*** Opening RECORDS FOR THE EXERCISE ***

(* If x, x' in Sigma_m agree on n >= 2 letters, their g_m-preimages are
   paired by regrafting: a preimage of x with return time r has its first r letters kept and
   x replaced by x'.  The result is again in Sigma_m, because every forbidden word is
   monochromatic in its interior and so cannot contain the green pair x_0 x_1.  Paired
   preimages agree on n + r letters, so their Birkhoff sums differ by at most
   C (2^-n - 2^-(n+r)), and induction on j gives
     L^j 1_G (x) <= exp (C 2^-n) L^j 1_G (x').
   This passes to the Cesaro averages and to their limit H, which is therefore continuous
   and satisfies sup_[C] H <= e^(C/4) H(x') for every x' in a green cylinder [C].
   Integrating over [C] and summing gives at most e^(C/4) times the integral of H, and that
   integral is at most 1 because the integral of L f against nu equals that of f, so the
   integral of L^j 1_G is nu(G).
   If C < 0 the Lipschitz condition forces Sigma_0 to have at most one point, so every green
   cylinder is empty. *)

lemma infsum_le_scaled_if_comparable:
  fixes f g :: "'a \<Rightarrow> real"
  assumes "\<And>p. p \<in> A \<Longrightarrow> 0 \<le> f p" "\<And>p. p \<in> A \<Longrightarrow> 0 \<le> g p"
    and "\<And>p. p \<in> A \<Longrightarrow> f p \<le> E * g p" "\<And>p. p \<in> A \<Longrightarrow> g p \<le> E * f p"
  shows "infsum f A \<le> E * infsum g A"
proof (cases "g summable_on A")
  case True
  then have "(\<lambda>p. E * g p) summable_on A" by (rule summable_on_cmult_right)
  moreover have "f summable_on A"
    using assms(1,3) by (intro summable_on_comparison_test[OF calculation]) auto
  ultimately have "infsum f A \<le> infsum (\<lambda>p. E * g p) A" using assms(3) by (intro infsum_mono)
  then show ?thesis by (simp add: infsum_cmult_right')
next
  case False
  \<comment> \<open>then \<open>f\<close> is not summable either, so both sides are the junk value \<open>0\<close>\<close>
  have "\<not> f summable_on A"
  proof
    assume "f summable_on A"
    then have "(\<lambda>p. E * f p) summable_on A" by (rule summable_on_cmult_right)
    then have "g summable_on A"
      using assms(2,4) by (intro summable_on_comparison_test[OF \<open>(\<lambda>p. E * f p) summable_on A\<close>]) auto
    then show False using False by simp
  qed
  then show ?thesis using False by (simp add: infsum_not_exists)
qed

lemma abs_diff_le_if_ratio_bounded:
  fixes a b c :: real
  assumes "0 \<le> a" "0 \<le> b" "a \<le> c * b" "b \<le> c * a"
  shows "\<bar>a - b\<bar> \<le> \<bar>c - 1\<bar> * (2 + \<bar>c - 1\<bar>) * b"
proof -
  define t where "t = \<bar>c - 1\<bar>"
  have "c * u \<le> (1 + t) * u" if "0 \<le> u" for u
    using that by (intro mult_right_mono) (auto simp: t_def)
  then have ab: "a \<le> (1 + t) * b" and ba: "b \<le> (1 + t) * a"
    using assms by (meson order_trans)+
  have "0 \<le> t" by (simp add: t_def)
  have "a - b \<le> t * b" "b - a \<le> t * a" using ab ba by (simp_all add: algebra_simps)
  moreover have "t * a \<le> t * ((1 + t) * b)" using mult_left_mono[OF ab \<open>0 \<le> t\<close>] .
  moreover have "0 \<le> t * b" "0 \<le> t * t * b" using assms(2) by (simp_all add: t_def)
  ultimately show ?thesis unfolding t_def[symmetric] by (simp add: abs_le_iff algebra_simps)
qed

lemma open_prefix_cylinder: "open {z :: nat \<Rightarrow> 'a::discrete_topology. \<forall>i<n. z i = x i}"
proof -
  have "{z :: nat \<Rightarrow> 'a. \<forall>i<n. z i = x i} = (\<Inter>i<n. (\<lambda>z. z i) -` {x i})" by auto
  also have "open \<dots>"
    by (intro open_INT ballI finite_lessThan open_vimage continuous_on_product_coordinates)
      (auto intro: discrete_topology_class.open_discrete)
  finally show ?thesis .
qed

lemma continuous_on_if_prefix_ratios_tend_to_1:
  fixes f :: "(nat \<Rightarrow> 'a::discrete_topology) \<Rightarrow> real"
  assumes nonneg: "\<forall>x\<in>S. 0 \<le> f x" and c: "c \<longlonglongrightarrow> 1"
    and ratio: "\<forall>\<^sub>F n in sequentially. \<forall>x\<in>S. \<forall>x'\<in>S. (\<forall>i<n. x i = x' i) \<longrightarrow> f x \<le> c n * f x'"
  shows "continuous_on S f"
  unfolding continuous_on_def
proof
  fix x assume x: "x \<in> S"
  have "(\<lambda>n. \<bar>c n - 1\<bar> * (2 + \<bar>c n - 1\<bar>) * f x) \<longlonglongrightarrow> \<bar>1 - 1\<bar> * (2 + \<bar>1 - 1\<bar>) * f x"
    by (intro tendsto_intros c)
  then have small: "(\<lambda>n. \<bar>c n - 1\<bar> * (2 + \<bar>c n - 1\<bar>) * f x) \<longlonglongrightarrow> 0" by simp
  show "(f \<longlongrightarrow> f x) (at x within S)"
  proof (rule tendstoI)
    fix e :: real assume "0 < e"
    from eventually_conj[OF order_tendstoD(2)[OF small this] ratio]
    obtain n where n: "\<bar>c n - 1\<bar> * (2 + \<bar>c n - 1\<bar>) * f x < e"
      and ratio_n: "\<forall>y\<in>S. \<forall>y'\<in>S. (\<forall>i<n. y i = y' i) \<longrightarrow> f y \<le> c n * f y'"
      by (auto simp: eventually_sequentially)
    have "dist (f y) (f x) < e" if "y \<in> S" "\<forall>i<n. y i = x i" for y
    proof -
      have "\<bar>f y - f x\<bar> \<le> \<bar>c n - 1\<bar> * (2 + \<bar>c n - 1\<bar>) * f x"
        using that x nonneg ratio_n by (intro abs_diff_le_if_ratio_bounded) auto
      then show ?thesis using n by (simp add: dist_real_def)
    qed
    then show "\<forall>\<^sub>F y in at x within S. dist (f y) (f x) < e"
      unfolding eventually_at_topological using open_prefix_cylinder by blast
  qed
qed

*** Closing RECORDS FOR THE EXERCISE ***

Retype exactly, and only, the lines above from the one where "- b\<bar> \<le>" occurs up to and including the one where "(simp_all add: t_def)" occurs.

  shows "\<bar>a - b\<bar> \<le> \<bar>c - 1\<bar> * (2 + \<bar>c - 1\<bar>) * b"
proof -
  define t where "t = \<bar>c - 1\<bar>"
  have "c * u \<le> (1 + t) * u" if "0 \<le> u" for u
    using that by (intro mult_right_mono) (auto simp: t_def)
  then have ab: "a \<le> (1 + t) * b" and ba: "b \<le> (1 + t) * a"
    using assms by (meson order_trans)+
  have "0 \<le> t" by (simp add: t_def)
  have "a - b \<le> t * b" "b - a \<le> t * a" using ab ba by (simp_all add: algebra_simps)
  moreover have "t * a \<le> t * ((1 + t) * b)" using mult_left_mono[OF ab \<open>0 \<le> t\<close>] .
  moreover have "0 \<le> t * b" "0 \<le> t * t * b" using assms(2) by (simp_all add: t_def)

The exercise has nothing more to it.